BishopAccountability.org

Nj- Victims Blast Church " Star Chamber"

By David Clohessy
Survivors Network of Those Abused by Priests
May 22, 2013

http://www.snapnetwork.org/nj_victims_blast_church_star_chamber

Victims blast church “star chamber

Group seeks end to secret abuse panel

SNAP: “Newark Catholic board should resign

And replacements’ names should be made public

Parishioners should be able to vote on them, victims say

A support group for clergy sex abuse victims is urging members of a Newark Catholic church abuse panel to resign and speak out against their archbishop’s handling of clergy sex abuse cases. They also want the names of current and future board members to be made public and parishioners to have a voice in picking new board members.

Leaders of SNAP, the Survivors Network of those Abused by Priests, are urging Catholics who belong to the Newark archdiocesan “review board” to “step down, speak out and become part of the solution, not part of the problem.” They have sent a letter today to the board members, via Newark Archbishop John Myers, who personally appointed each of them, and other archdiocesan staff.

“These are likely well-intentioned people whose qualifications and reputations are being used by Archbishop Myers to justify reckless, callous and possibly illegal moves that protect predator priests and endanger vulnerable kids,” said Barbara Dorris of St. Louis, SNAP’s outreach director. “For their own sakes, and the safety of Newark area families, they should step aside and join with victims, witnesses and whistleblowers who are working to expose corruption in the church.”

SNAP says that the case of Fr. Michael Fugee and other predator priests show that “there is something dreadfully wrong with how (Myers) handles abuse cases.”

Every Catholic diocese in the US is required to have a “review board” which purportedly “advises” each bishop about clergy sex abuse reports. In most dioceses, their names are public. But Myers refuses to identify who they are in Newark.

“Keeping board members’ identities secret deters abuse victims from reporting clergy sex crimes,” said Barbara Dorris of St. Louis, SNAP’s outreach director. “Why would I walk into a room of people to disclose horrific childhood trauma to people who might include my boss, my ex-husband, my next door neighbor or five defense lawyers? That’s just crazy.”

In dioceses in California, Iowa and elsewhere, SNAP says, review board members have quit in frustration or concern because their views were not heeded or information was withheld from them.

Joelle Casteix of Orange County California (jcasteix@gmail.com) was on her diocesan review board and is now SNAP’s western regional director.
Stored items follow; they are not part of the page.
theorem theorem4p5:
  fixes q :: real and \<sigma>1 \<tau> :: "real poly" and a1 b1 a2 b2 :: real
  assumes q: "0 < q" "q < 1"
    and deg\<sigma>1: "degree \<sigma>1 \<le> 2"
    and deg\<tau>: "degree \<tau> \<le> 1"
    and \<tau>1: "poly (pderiv \<tau>) 0 \<noteq> 0"
    and s1nz: "dd0 \<sigma>1 \<noteq> 0"
    and s2nz: "dd0 (sigma2 q \<sigma>1 \<tau>) \<noteq> 0"
    and \<sigma>1_fact: "\<forall>x. poly \<sigma>1 x = (1/2) * dd0 \<sigma>1 * (x - a1) * (x - b1)"
    and \<sigma>2_fact: "\<forall>x. poly (sigma2 q \<sigma>1 \<tau>) x = (1/2) * dd0 (sigma2 q \<sigma>1 \<tau>) * (x - a2) * (x - b2)"
    and zeros: "a1 < 0" "0 < b1" "b1 < a2" "a2 \<le> b2"
    and Lambda: "q^2 * (q powi (-2) * (1 + (1 - 1/q) * poly (pderiv \<tau>) 0 / ((1/2) * dd0 \<sigma>1))) < 0"
  shows "\<exists>P :: nat \<Rightarrow> real poly. \<exists>d :: nat \<Rightarrow> real.
     (\<forall>n. degree (P n) = n \<and> solves_qEHT q \<sigma>1 \<tau> (qEHT_lambda q \<sigma>1 \<tau> n) (poly (P n)) \<and> d n \<noteq> 0) \<and>
     (\<forall>m n. jackson_int q a1 b1
        (\<lambda>x. poly (P n) x * poly (P m) x *
              ((qpoch_inf (q * x / a1) q * qpoch_inf (q * x / b1) q) /
               (qpoch_inf (x / a2) q * qpoch_inf (x / b2) q)))
        = (if m = n then d n else 0))"
proof -
  interpret qEHT_weight q a1 b1 a2 b2 "(1/2) * dd0 \<sigma>1" "(1/2) * dd0 (sigma2 q \<sigma>1 \<tau>)" \<sigma>1 \<tau>
    using q zeros \<sigma>1_fact \<sigma>2_fact by unfold_locales auto
  obtain P d where P: "\<forall>n. degree (P n) = n \<and> qEHT_op q \<sigma>1 \<tau> (P n) = smult (- qEHT_lambda q \<sigma>1 \<tau> n) (P n) \<and> d n \<noteq> 0"
    and orth: "\<forall>m n. Phi (P n * P m) = (if m = n then d n else 0)"
    using Phi.orthogonal_eigenpolynomials[OF degree_qEHT_op_le[OF deg\<sigma>1 deg\<tau>] Phi_qEHT_op_symmetric
        coeff_qEHT_op_top[OF deg\<sigma>1 deg\<tau>]]
    by blast
  have solves: "solves_qEHT q \<sigma>1 \<tau> (qEHT_lambda q \<sigma>1 \<tau> n) (poly (P n))" for n
    using P q by (simp add: solves_qEHT_poly_iff)
  have weighted: "jackson_int q a1 b1 (\<lambda>x. poly (P n) x * poly (P m) x *
      ((qpoch_inf (q * x / a1) q * qpoch_inf (q * x / b1) q) /
       (qpoch_inf (x / a2) q * qpoch_inf (x / b2) q))) = Phi (P n * P m)" for m n
    by (simp add: Phi_def rho_def)
  show ?thesis
  proof (intro exI[of _ P] exI[of _ d] conjI)
    show "\<forall>n. degree (P n) = n \<and> solves_qEHT q \<sigma>1 \<tau> (qEHT_lambda q \<sigma>1 \<tau> n) (poly (P n)) \<and> d n \<noteq> 0"
      using P solves by simp
  qed (unfold weighted, rule orth)
qed

end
“It was basically a sham,” she said.

In 2002, four members of one such panel in Richmond Virginia resigned as a group when their bishop ignored their recommendations and restored an accused priest to active ministry, despite allegations that he acted inappropriately with at least three underaged boys, including giving them liquor, telling them to “lower their pants and underwear to their knees and expose their penises, massaging an unclothed student, wrestling with a student (and saying he loved and wanted the student), and inviting a student to his bedroom to massage his back.”
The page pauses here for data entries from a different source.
lemma fixed_point_asymptotically_stable:
  assumes "frobenius_norm W < 1" and fp: "is_fixed_point W b p"
  shows "asymptotically_stable W b p"
proof -
  define c where "c = 1 - frobenius_norm W"
  have "0 < c"
    using assms unfolding c_def by simp
  have decay: "norm (x t - p) \<le> exp (- c * t) * norm (x 0 - p)"
    if "is_trajectory W b x" "0 \<le> t" for x t
    using trajectory_exp_decay[OF fp that] unfolding c_def .
  have nonexpanding: "norm (x t - p) \<le> norm (x 0 - p)" if "is_trajectory W b x" "0 \<le> t" for x t
  proof -
    have "exp (- c * t) \<le> 1"
      using \<open>0 < c\<close> \<open>0 \<le> t\<close> by simp
    then have "exp (- c * t) * norm (x 0 - p) \<le> norm (x 0 - p)"
      by (simp add: mult_left_le_one_le)
    then show ?thesis
      using decay[OF that] by linarith
  qed
  have "lyapunov_stable W b p"
    unfolding lyapunov_stable_def
  proof (intro allI impI)
    fix \<epsilon> :: real
    assume "0 < \<epsilon>"
    then show "\<exists>\<delta>>0. \<forall>x. is_trajectory W b x \<and> norm (x 0 - p) < \<delta> \<longrightarrow>
        (\<forall>t\<ge>0. norm (x t - p) < \<epsilon>)"
      using nonexpanding le_less_trans by blast
  qed
  moreover have converges: "(x \<longlongrightarrow> p) at_top" if "is_trajectory W b x" for x
  proof -
    have "\<forall>\<^sub>F t in at_top. norm (x t - p) \<le> exp (- c * t) * norm (x 0 - p)"
      using eventually_ge_at_top[of 0] by (rule eventually_mono) (rule decay[OF that])
    then have "((\<lambda>t. x t - p) \<longlongrightarrow> 0) at_top"
      by (rule Lim_null_comparison[OF _ tendsto_exp_decay_at_top[OF \<open>0 < c\<close>]])
    then show ?thesis
      by (rule Lim_null[THEN iffD2])
  qed
  have "attractive W b p"
    unfolding attractive_def using converges zero_less_one by blast
  ultimately show ?thesis
    using fp unfolding asymptotically_stable_def by simp
qed

lemma matrix_vector_mult_component: "(W *v x) $ j = (\<Sum>k\<in>UNIV. W $ j $ k * x $ k)"
  by (simp add: matrix_vector_mult_def)

lemma dale_mult_excitatory_nonneg:
  assumes "dale W E" and "\<And>k. 0 \<le> y $ k" and "\<And>k. k \<notin> E \<Longrightarrow> y $ k = 0"
  shows "0 \<le> (W *v y) $ j"
  unfolding matrix_vector_mult_component
  using assms unfolding dale_def by (intro sum_nonneg) (metis mult_eq_0_iff mult_nonneg_nonneg order_refl)

lemma supp_plus_fixed_point_in_graph_code:
  assumes dale: "dale W E" and "nonneg_vec b" and fp: "is_fixed_point W b x"
  shows "supp_plus E x \<in> graph_code (GE_arc W E) E (E_U W E)"
proof -
  have "j \<in> supp_plus E x"
    if "i \<in> supp_plus E x" "GE_arc W E i j" "j \<in> E_U W E" for i j
  proof -
    have terms_nonneg: "0 \<le> W $ j $ k * x $ k" for k
      using dale \<open>j \<in> E_U W E\<close> fixed_point_nonneg[OF fp, of k]
      unfolding dale_def E_U_def by (cases "k \<in> E") auto
    have "0 < W $ j $ i * x $ i"
      using that unfolding GE_arc_def supp_plus_def by simp
    also have "\<dots> \<le> (W *v x) $ j"
      unfolding matrix_vector_mult_component
      by (rule member_le_sum) (simp_all add: terms_nonneg)
    also have "\<dots> \<le> (W *v x + b) $ j"
      using \<open>nonneg_vec b\<close> unfolding nonneg_vec_def by simp
    also have "\<dots> \<le> x $ j"
      using fp unfolding is_fixed_point_def by (metis max.cobounded2 relu_component)
    finally show ?thesis
      using \<open>j \<in> E_U W E\<close> unfolding supp_plus_def E_U_def by simp
  qed
  then show ?thesis
    unfolding graph_code_def out_nbhd_def supp_plus_def by blast
qed

lemma fixed_point_of_subsolution:
  assumes "nonneg_vec x" and "\<And>j. (W *v x) $ j \<le> x $ j"
  shows "nonneg_vec (x - W *v x) \<and> is_fixed_point W (x - W *v x) x"
  using assms unfolding nonneg_vec_def is_fixed_point_def
  by (simp add: vec_eq_iff max_absorb2)

lemma graph_code_closed_mult_nonpos:
  assumes dale: "dale W E" and \<sigma>: "\<sigma> \<in> graph_code (GE_arc W E) E (E_U W E)"
    and "j \<in> E_U W E" and "j \<notin> \<sigma>"
    and "\<And>k. 0 \<le> y $ k" and "\<And>k. k \<notin> \<sigma> \<Longrightarrow> y $ k = 0"
  shows "(W *v y) $ j \<le> 0"
proof -
  have "W $ j $ k \<le> 0" if "k \<in> \<sigma>" for k
  proof (rule ccontr)
    assume "\<not> W $ j $ k \<le> 0"
    then have "GE_arc W E k j"
      using that \<sigma> assms(3,4) unfolding graph_code_def GE_arc_def E_U_def by auto
    then show False
      using that \<sigma> assms(3,4) unfolding graph_code_def out_nbhd_def by blast
  qed
  then show ?thesis
    unfolding matrix_vector_mult_component using assms(5,6)
    by (intro sum_nonpos) (metis mult_nonpos_nonneg mult_zero_right)
qed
http://www.bishop-accountability.org/news3/2002_07_19_Lindsey_BishopDefends_John_Leonard_7.htm

One of the most high profile instances involved psychologist Dr. James Jenkins, who headed the San Francisco archdiocesan panel and clashed with then-Archbishop William Levada (who went on to become a high-ranking Vatican official charged with handling abuse in the church worldwide).

http://www.bishop-accountability.org/news3/2004_11_12_Lattin_LevadaTakes_John_Heaney_ETC_1.htm

The dioceses of Kansas City and Philadelphia have been among the hardest-hit by recent clergy sex abuse and cover up scandals. In both, review board members have spoken publicly, saying they were not told of some allegations and were given incomplete information about others.

http://theworthyadversary.com/199-the-puppet-show-the-utter-failure-of-diocese-lay-review-boards

http://www.catholicculture.org/news/headlines/index.cfm?storyid=10326

A copy of SNAP’s letter, sent today to Myers by fax and email, is below:

May 22, 2013

Dear Archbishop Myers:

We respectfully ask you to forward this to your review board. We would send it to them ourselves but you refuse to disclose who they are. Thank you.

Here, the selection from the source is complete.